Data excerpts
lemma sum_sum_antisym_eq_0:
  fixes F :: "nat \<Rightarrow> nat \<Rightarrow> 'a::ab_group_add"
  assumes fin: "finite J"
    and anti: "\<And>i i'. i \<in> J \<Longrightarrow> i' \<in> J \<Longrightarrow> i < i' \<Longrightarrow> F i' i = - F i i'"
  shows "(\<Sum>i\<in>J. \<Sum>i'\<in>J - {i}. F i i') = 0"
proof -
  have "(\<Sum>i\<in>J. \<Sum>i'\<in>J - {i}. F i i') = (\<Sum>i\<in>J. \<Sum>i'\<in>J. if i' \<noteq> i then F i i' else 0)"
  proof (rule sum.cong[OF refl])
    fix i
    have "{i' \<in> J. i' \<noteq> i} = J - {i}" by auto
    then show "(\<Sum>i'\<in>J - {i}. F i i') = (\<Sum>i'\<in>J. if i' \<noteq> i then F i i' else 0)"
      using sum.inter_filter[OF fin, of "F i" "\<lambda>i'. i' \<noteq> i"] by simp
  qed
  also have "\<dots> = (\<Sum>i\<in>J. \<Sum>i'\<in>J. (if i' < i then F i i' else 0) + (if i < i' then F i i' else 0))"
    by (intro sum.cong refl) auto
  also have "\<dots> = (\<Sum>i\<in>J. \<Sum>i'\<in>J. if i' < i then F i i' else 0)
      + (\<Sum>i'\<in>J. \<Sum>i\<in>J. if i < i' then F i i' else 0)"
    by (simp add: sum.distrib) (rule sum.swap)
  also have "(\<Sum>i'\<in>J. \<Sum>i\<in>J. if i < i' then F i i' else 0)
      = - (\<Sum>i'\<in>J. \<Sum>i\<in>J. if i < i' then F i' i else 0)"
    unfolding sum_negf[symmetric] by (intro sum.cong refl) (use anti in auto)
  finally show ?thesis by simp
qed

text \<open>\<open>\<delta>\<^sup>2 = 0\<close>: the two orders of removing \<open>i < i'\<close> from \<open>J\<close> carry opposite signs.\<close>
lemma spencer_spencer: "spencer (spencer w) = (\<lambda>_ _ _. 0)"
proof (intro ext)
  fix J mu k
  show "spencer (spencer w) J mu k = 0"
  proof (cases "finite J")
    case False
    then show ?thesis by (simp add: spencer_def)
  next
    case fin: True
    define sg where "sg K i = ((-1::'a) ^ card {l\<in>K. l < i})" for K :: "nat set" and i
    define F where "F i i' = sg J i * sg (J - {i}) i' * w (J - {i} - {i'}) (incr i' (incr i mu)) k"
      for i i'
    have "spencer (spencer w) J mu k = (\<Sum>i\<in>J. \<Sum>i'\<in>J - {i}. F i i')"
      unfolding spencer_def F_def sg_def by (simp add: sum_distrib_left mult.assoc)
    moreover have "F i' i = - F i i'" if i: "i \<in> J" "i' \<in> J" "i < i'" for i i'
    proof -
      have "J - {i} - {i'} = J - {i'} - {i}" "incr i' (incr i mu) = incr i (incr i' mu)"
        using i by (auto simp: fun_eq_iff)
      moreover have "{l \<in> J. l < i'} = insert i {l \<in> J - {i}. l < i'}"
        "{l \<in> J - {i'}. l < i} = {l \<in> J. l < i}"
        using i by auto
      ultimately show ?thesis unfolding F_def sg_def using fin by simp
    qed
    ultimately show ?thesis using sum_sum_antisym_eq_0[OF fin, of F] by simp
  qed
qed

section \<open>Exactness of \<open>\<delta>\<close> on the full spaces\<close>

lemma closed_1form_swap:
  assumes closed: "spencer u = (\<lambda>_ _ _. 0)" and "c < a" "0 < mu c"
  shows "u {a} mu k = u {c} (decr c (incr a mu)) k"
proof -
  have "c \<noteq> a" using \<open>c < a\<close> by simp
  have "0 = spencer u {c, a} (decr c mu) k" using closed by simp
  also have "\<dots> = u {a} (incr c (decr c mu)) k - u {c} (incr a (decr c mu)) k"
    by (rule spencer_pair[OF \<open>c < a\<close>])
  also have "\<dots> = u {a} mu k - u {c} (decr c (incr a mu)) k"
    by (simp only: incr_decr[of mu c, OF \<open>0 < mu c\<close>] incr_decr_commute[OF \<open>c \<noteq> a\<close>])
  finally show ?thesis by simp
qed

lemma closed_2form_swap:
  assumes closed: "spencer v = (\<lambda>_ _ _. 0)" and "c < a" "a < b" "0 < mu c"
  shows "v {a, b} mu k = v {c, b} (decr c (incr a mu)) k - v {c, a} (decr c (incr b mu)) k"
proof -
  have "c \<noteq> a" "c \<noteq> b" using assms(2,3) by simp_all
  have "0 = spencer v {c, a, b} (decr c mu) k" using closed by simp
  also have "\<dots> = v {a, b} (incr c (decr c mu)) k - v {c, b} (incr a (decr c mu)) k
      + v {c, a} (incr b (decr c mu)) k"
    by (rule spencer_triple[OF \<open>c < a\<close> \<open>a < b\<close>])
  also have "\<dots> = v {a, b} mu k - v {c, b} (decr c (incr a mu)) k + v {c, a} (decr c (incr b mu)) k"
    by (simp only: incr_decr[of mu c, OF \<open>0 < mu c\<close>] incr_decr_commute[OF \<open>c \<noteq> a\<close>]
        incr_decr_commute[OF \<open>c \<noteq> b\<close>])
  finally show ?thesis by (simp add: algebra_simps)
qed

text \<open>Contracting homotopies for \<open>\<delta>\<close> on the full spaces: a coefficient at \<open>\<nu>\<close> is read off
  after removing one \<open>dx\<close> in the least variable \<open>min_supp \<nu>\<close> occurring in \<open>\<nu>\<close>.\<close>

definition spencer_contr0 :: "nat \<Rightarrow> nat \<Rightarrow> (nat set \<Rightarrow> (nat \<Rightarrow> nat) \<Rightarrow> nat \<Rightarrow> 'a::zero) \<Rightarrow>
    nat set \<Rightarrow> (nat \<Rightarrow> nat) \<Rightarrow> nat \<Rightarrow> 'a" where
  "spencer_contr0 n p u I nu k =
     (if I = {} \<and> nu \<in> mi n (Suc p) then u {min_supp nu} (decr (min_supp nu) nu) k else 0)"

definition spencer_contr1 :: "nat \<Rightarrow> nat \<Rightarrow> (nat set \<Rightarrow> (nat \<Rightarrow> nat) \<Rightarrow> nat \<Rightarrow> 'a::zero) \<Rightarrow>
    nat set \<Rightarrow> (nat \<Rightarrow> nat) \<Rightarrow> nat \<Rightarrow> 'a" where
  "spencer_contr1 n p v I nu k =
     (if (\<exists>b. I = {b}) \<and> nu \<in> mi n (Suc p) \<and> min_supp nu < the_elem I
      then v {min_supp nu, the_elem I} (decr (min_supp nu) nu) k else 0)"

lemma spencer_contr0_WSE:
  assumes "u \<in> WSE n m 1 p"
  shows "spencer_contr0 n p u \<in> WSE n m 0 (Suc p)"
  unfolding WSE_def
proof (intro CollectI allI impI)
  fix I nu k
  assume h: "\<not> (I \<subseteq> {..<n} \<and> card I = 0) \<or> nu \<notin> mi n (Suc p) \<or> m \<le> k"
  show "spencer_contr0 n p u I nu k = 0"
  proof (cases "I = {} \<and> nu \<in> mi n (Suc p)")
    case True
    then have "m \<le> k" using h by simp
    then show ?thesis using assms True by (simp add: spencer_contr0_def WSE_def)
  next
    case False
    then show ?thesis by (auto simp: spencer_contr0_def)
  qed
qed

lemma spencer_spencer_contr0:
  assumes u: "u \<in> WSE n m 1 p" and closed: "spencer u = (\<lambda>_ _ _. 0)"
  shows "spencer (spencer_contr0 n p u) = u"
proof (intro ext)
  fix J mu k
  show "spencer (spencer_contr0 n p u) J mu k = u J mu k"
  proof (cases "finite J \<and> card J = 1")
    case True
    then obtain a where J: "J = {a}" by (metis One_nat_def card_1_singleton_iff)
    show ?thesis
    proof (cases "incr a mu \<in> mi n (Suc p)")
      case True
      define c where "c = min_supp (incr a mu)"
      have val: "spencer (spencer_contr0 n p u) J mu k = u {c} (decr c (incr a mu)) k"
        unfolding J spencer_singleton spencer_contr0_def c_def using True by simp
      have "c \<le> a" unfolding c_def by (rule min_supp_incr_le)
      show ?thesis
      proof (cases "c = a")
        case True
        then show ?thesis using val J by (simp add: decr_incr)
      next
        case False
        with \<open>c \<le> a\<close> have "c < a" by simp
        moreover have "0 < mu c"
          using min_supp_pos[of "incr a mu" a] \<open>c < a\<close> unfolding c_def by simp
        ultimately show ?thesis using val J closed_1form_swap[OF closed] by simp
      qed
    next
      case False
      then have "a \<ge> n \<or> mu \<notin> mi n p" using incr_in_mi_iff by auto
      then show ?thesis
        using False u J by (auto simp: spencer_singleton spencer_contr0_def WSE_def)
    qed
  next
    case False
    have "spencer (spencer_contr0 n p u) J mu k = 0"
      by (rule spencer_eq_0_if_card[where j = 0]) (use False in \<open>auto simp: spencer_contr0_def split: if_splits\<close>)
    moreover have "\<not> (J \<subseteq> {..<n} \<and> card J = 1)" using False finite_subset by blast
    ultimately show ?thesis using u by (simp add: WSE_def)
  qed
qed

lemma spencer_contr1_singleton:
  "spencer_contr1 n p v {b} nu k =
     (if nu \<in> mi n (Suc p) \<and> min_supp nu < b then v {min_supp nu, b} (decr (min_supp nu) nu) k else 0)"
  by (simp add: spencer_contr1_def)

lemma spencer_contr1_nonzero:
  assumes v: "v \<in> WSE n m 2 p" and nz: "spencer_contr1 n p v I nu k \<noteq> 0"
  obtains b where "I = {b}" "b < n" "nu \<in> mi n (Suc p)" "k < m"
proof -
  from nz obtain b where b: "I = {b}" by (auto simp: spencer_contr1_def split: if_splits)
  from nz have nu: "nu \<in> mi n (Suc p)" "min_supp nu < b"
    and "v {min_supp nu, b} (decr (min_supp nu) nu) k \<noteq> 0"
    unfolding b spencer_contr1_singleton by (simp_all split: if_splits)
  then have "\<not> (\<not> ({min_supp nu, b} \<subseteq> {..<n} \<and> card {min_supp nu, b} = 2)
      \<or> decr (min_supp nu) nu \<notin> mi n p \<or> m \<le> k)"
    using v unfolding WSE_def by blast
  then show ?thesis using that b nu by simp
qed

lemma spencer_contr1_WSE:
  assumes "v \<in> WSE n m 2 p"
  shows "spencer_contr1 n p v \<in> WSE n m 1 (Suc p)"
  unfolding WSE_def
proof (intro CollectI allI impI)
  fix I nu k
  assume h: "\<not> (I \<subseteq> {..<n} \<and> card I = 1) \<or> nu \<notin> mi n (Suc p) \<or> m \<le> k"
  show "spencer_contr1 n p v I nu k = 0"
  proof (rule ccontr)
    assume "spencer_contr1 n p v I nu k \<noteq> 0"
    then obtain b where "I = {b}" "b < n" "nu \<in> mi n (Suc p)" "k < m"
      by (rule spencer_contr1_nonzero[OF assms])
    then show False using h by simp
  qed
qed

● TASK
Which lines of the data contain the word "cong"? Copy each one.

● PROBLEM SOLUTION
  proof (rule sum.cong[OF refl])
    by (intro sum.cong refl) auto
    unfolding sum_negf[symmetric] by (intro sum.cong refl) (use anti in auto)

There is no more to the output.